Reviews provided by Syndetics

CHOICE Review

Covering a range of topics including Australian aborigines, Anglican bishops, werewolves, and Wernher von Braun, this book provides a fascinating tour of how humankind has viewed its nearest celestial neighbor throughout the ages. Many books cover moon science; many others concentrate on the mythology, folklore, and cultural aspects surrounding it. Brunner's does this and more, giving readers a thorough, entertaining look at people as much as at the moon. He shows how the moon played a role in setting the dates of religious holidays and constructing calendars. He describes the early belief that the moon was inhabited and that the full moon played a role in human behavior--hence the term "lunatic" and the legend of the werewolf.

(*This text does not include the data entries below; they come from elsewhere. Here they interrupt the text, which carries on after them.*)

(* Let $\alpha,\beta\in(0,1]$ and let $E$ be an $F^+_{\alpha\beta}$-set. Let $\theta>\frac{1+2\alpha}{2\alpha}$ and let $h\in\mathbb{H}$ satisfy $h(x)\ge C\,x^{\frac{\beta}{2}+\alpha}\log^{\theta}(1/x)$ for some constant $C>0$ and all sufficiently small $x>0$. Then $\mathcal{H}^h(E)>0$.
   Context: $\mathbb{H}$ is the class of non-decreasing, right continuous functions $h:[0,\infty)\to[0,\infty)$ with $h(0)=0$. For $h\in\mathbb{H}$, $\mathcal{H}^h$ is the $h$-dimensional Hausdorff measure: $\mathcal{H}^h(F)=\sup_{\delta>0}\inf\{\sum_i h(\mathrm{diam}(F_i)): F\subseteq\bigcup_i F_i,\ \mathrm{diam}(F_i)<\delta\}$; $\mathcal{H}^s$ denotes $\mathcal{H}^{h}$ with $h(x)=x^s$. $\mathbb{S}$ is the unit circle. For $\alpha,\beta\in(0,1]$, $E\subseteq\mathbb{R}^2$ is an $F^+_{\alpha\beta}$-set if there is $L\subseteq\mathbb{S}$ with $\mathcal{H}^{\beta}(L)>0$ such that for each $e\in L$ there is a line segment $\ell_e$ in direction $e$ with $\mathcal{H}^{\alpha}(\ell_e\cap E)>0$. *)

theory Defs
  imports "HOL-Analysis.Analysis"
begin

text \<open>The gauge class H: non-decreasing, right continuous functions
  h : [0,\<infinity>) \<rightarrow> [0,\<infinity>) with h 0 = 0 (only values on [0,\<infinity>) matter).\<close>
definition gauge_class :: "(real \<Rightarrow> real) set" where
  "gauge_class = {h. mono_on {0..} h \<and> (\<forall>x\<ge>0. h x \<ge> 0) \<and> h 0 = 0 \<and>
                     (\<forall>x\<ge>0. continuous (at_right x) h)}"

text \<open>Sets of finite diameter are exactly the bounded sets;
  boundedness is required explicitly because the library diameter is only meaningful
  for bounded sets.\<close>
definition hausdorff_h :: "(real \<Rightarrow> real) \<Rightarrow> 'a::metric_space set \<Rightarrow> ennreal" where
  "hausdorff_h h F =
     (SUP \<delta>\<in>{0<..}. INF U\<in>{U :: nat \<Rightarrow> 'a set. F \<subseteq> (\<Union>i. U i) \<and>
                         (\<forall>i. bounded (U i) \<and> diameter (U i) < \<delta>)}.
                 (\<Sum>i. ennreal (h (diameter (U i)))))"

definition F_plus :: "real \<Rightarrow> real \<Rightarrow> (real^2) set \<Rightarrow> bool" where
  "F_plus \<alpha> \<beta> E \<longleftrightarrow>
     (\<exists>L \<subseteq> sphere (0::real^2) 1. hausdorff_h (\<lambda>x. x powr \<beta>) L > 0 \<and>
        (\<forall>e\<in>L. \<exists>a t. t > 0 \<and>
            hausdorff_h (\<lambda>x. x powr \<alpha>) (closed_segment a (a + t *\<^sub>R e) \<inter> E) > 0))"

end

theory Submission
  imports Defs
begin

(* Suppose H^h(E) = 0.  By the F^+ hypothesis there is a set M of directions with
   H^beta_infinity(M) > 0 such that for each e in M a segment S_e in direction e meets E
   in a set of alpha-content > c0.  Cover E by pieces U_i of small diameter and small
   total cost sum h(diam U_i), and sort the pieces by dyadic level k (diameter about
   2^-k).  With summable thresholds t_k = c (k+1)^-gamma, gamma = theta/(1 + 1/(2 alpha)) > 1,
   every direction is "captured" at some level k: the level-k pieces carry content t_k of
   S_e.  At a fixed level a Kakeya-type incidence count (split each captured part of a
   segment into two far apart halves, count pairs of pieces per direction cell of size
   2^-k) bounds the beta-content of the captured directions by the number of level-k
   pieces times h(2^-k-1), using the lower bound on h.  Summing over levels gives
   kappa * H^beta_infinity(M) <= sum h(diam U_i), contradicting the smallness of the cover. *)

text \<open>It is countably
  subadditive, positive wherever the Hausdorff measure \<open>\<H>\<^sup>a\<close> is, and finite on bounded
  sets, which makes it the convenient quantity to count with.\<close>
definition hcontent :: "real \<Rightarrow> 'a::metric_space set \<Rightarrow> ennreal" where
  "hcontent a A = (INF U\<in>{U::nat \<Rightarrow> 'a set. A \<subseteq> (\<Union>i. U i) \<and> (\<forall>i. bounded (U i))}.
     \<Sum>i. ennreal (diameter (U i) powr a))"

lemma ennreal_term_le_suminf: "(f::nat \<Rightarrow> ennreal) i \<le> suminf f"
  using sum_le_suminf[of f "{i}"] by auto

lemma hcontent_le_cover:
  assumes "A \<subseteq> (\<Union>i. U i)" "\<And>i. bounded (U i)"
  shows "hcontent a A \<le> (\<Sum>i. ennreal (diameter (U i) powr a))"
  unfolding hcontent_def using assms by (intro INF_lower) auto

lemma hcontent_mono: "A \<subseteq> B \<Longrightarrow> hcontent a A \<le> hcontent a B"
  unfolding hcontent_def by (rule INF_superset_mono) auto

lemma hcontent_le_finite_cover:
  assumes "finite F" "A \<subseteq> (\<Union>x\<in>F. S x)" "\<And>x. x \<in> F \<Longrightarrow> bounded (S x)"
  shows "hcontent a A \<le> (\<Sum>x\<in>F. ennreal (diameter (S x) powr a))"
proof -
  obtain g where g: "bij_betw g {..<card F} F"
    using ex_bij_betw_nat_finite[OF assms(1)] by (auto simp: atLeast0LessThan)
  define U where "U i = (if i < card F then S (g i) else {})" for i
  have "A \<subseteq> (\<Union>i. U i)"
  proof
    fix x assume "x \<in> A"
    then obtain y where y: "y \<in> F" "x \<in> S y" using assms(2) by blast
    then obtain i where "i < card F" "g i = y" using g unfolding bij_betw_def by force
    then show "x \<in> (\<Union>i. U i)" using y unfolding U_def by auto
  qed
  moreover have "bounded (U i)" for i
  proof (cases "i < card F")
    case True
    then have "g i \<in> F" using g by (auto simp: bij_betw_def)
    then show ?thesis using True assms(3) by (simp add: U_def)
  qed (simp add: U_def)
  ultimately have "hcontent a A \<le> (\<Sum>i. ennreal (diameter (U i) powr a))"
    by (rule hcontent_le_cover)
  also have "\<dots> = (\<Sum>i<card F. ennreal (diameter (S (g i)) powr a))"
    by (subst suminf_finite[of "{..<card F}"]) (auto simp: U_def)
  also have "\<dots> = (\<Sum>x\<in>F. ennreal (diameter (S x) powr a))"
    using sum.reindex_bij_betw[OF g, of "\<lambda>x. ennreal (diameter (S x) powr a)"] by simp
  finally show ?thesis .
qed

lemma hcontent_le_diameter:
  assumes "bounded A"
  shows "hcontent a A \<le> ennreal (diameter A powr a)"
  using hcontent_le_finite_cover[of "{()}" A "\<lambda>_. A" a] assms by auto

lemma hcontent_empty [simp]: "hcontent a {} = 0"
  using hcontent_le_diameter[of "{}" a] by simp

lemma hcontent_near_optimal_cover:
  assumes "hcontent a A < top" "0 < e"
  obtains U where "A \<subseteq> (\<Union>i. U i)" "\<And>i. bounded (U i)"
    "(\<Sum>i. ennreal (diameter (U i) powr a)) < hcontent a A + ennreal e"
proof -
  obtain x where x: "hcontent a A = ennreal x" "0 \<le> x"
    using assms(1) by (cases "hcontent a A") auto
  have "ennreal x < ennreal (x + e)" using assms(2) x(2) by (subst ennreal_less_iff) auto
  then have "hcontent a A < hcontent a A + ennreal e" using assms(2) x by (simp flip: ennreal_plus)
  then show ?thesis using that unfolding hcontent_def[of a A] INF_less_iff by auto
qed

text \<open>Countable subadditivity: cover each \<open>A n\<close> up to an error \<open>e/2\<^sup>n\<^sup>+\<^sup>1\<close> and
  merge the countably many covers into one via \<open>prod_decode\<close>.\<close>
lemma hcontent_Union: "hcontent a (\<Union>n. A n) \<le> (\<Sum>n. hcontent a (A n))"
proof (rule ennreal_le_epsilon)
  fix e :: real assume fin: "(\<Sum>n. hcontent a (A n)) < top" and e: "0 < e"
  have "\<exists>U. (A n \<subseteq> (\<Union>i. U i) \<and> (\<forall>i. bounded (U i))) \<and>
          (\<Sum>i. ennreal (diameter (U i) powr a)) < hcontent a (A n) + ennreal (e / 2 ^ Suc n)" for n
  proof -
    have "hcontent a (A n) < top"
      using ennreal_term_le_suminf[of "\<lambda>n. hcontent a (A n)" n] fin by simp
    then obtain U where "A n \<subseteq> (\<Union>i. U i)" "\<And>i. bounded (U i)"
      "(\<Sum>i. ennreal (diameter (U i) powr a)) < hcontent a (A n) + ennreal (e / 2 ^ Suc n)"
      by (rule hcontent_near_optimal_cover[of a "A n" "e / 2 ^ Suc n"]) (use e in simp, blast)
    then show ?thesis by blast
  qed
  then obtain U where U: "\<And>n. A n \<subseteq> (\<Union>i. U n i)" "\<And>n i. bounded (U n i)"
     "\<And>n. (\<Sum>i. ennreal (diameter (U n i) powr a)) < hcontent a (A n) + ennreal (e / 2 ^ Suc n)"
    by metis
  define V where "V m = case_prod U (prod_decode m)" for m
  have "(\<Union>n. A n) \<subseteq> (\<Union>m. V m)"
  proof
    fix x assume "x \<in> (\<Union>n. A n)"
    then obtain n i where "x \<in> U n i" using U(1) by blast
    then have "x \<in> V (prod_encode (n,i))" unfolding V_def by simp
    then show "x \<in> (\<Union>m. V m)" by blast
  qed
  moreover have "\<And>m. bounded (V m)" unfolding V_def using U(2) by (simp add: case_prod_beta)
  ultimately have "hcontent a (\<Union>n. A n) \<le> (\<Sum>m. ennreal (diameter (V m) powr a))"
    by (rule hcontent_le_cover)
  also have "\<dots> = (\<Sum>n. \<Sum>i. ennreal (diameter (U n i) powr a))"
    unfolding V_def
    by (rule suminf_ennreal_2dimen[where f = "\<lambda>p. ennreal (diameter (case_prod U p) powr a)"]) simp
  also have "\<dots> \<le> (\<Sum>n. hcontent a (A n) + ennreal (e / 2 ^ Suc n))"
    by (rule suminf_le) (use U(3) in \<open>auto intro: less_imp_le\<close>)
  also have "\<dots> = (\<Sum>n. hcontent a (A n)) + (\<Sum>n. ennreal (e / 2 ^ Suc n))"
    by (rule suminf_add[symmetric]) auto
  also have "(\<Sum>n. ennreal (e / 2 ^ Suc n)) = ennreal e"
  proof -
    have "(\<lambda>n. e / 2 ^ Suc n) sums e"
      using power_half_series sums_mult[of "\<lambda>n. (1/2::real)^Suc n" 1 e]
      by (simp add: power_divide)
    then show ?thesis using e by (simp add: suminf_ennreal2 sums_iff)
  qed
  finally show "hcontent a (\<Union>n. A n) \<le> (\<Sum>n. hcontent a (A n)) + ennreal e" .
qed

The book also examines speculation on getting to the moon, from the Greek Lucian in 150 CE to Jules Verne's From the Earth to the Moon (English translation, 1867) that eerily forecast many aspects of the actual journey by Apollo astronauts a century later. Brunner covers the humanities and the moon, along with theories of how the moon formed, ending with the giant impact or "Big Whack" theory currently in vogue. A valuable book for anyone with an interest in Earth's companion. Summing Up; Highly recommended. Lower- and upper-division undergraduates, general readers. C. G. Wood formerly, Eastern Maine Community College

Author notes provided by Syndetics

Bernd Brunner is a freelance writer. He is the author of other successful works intersecting history, science, and literature, including Bears and The Ocean at Home .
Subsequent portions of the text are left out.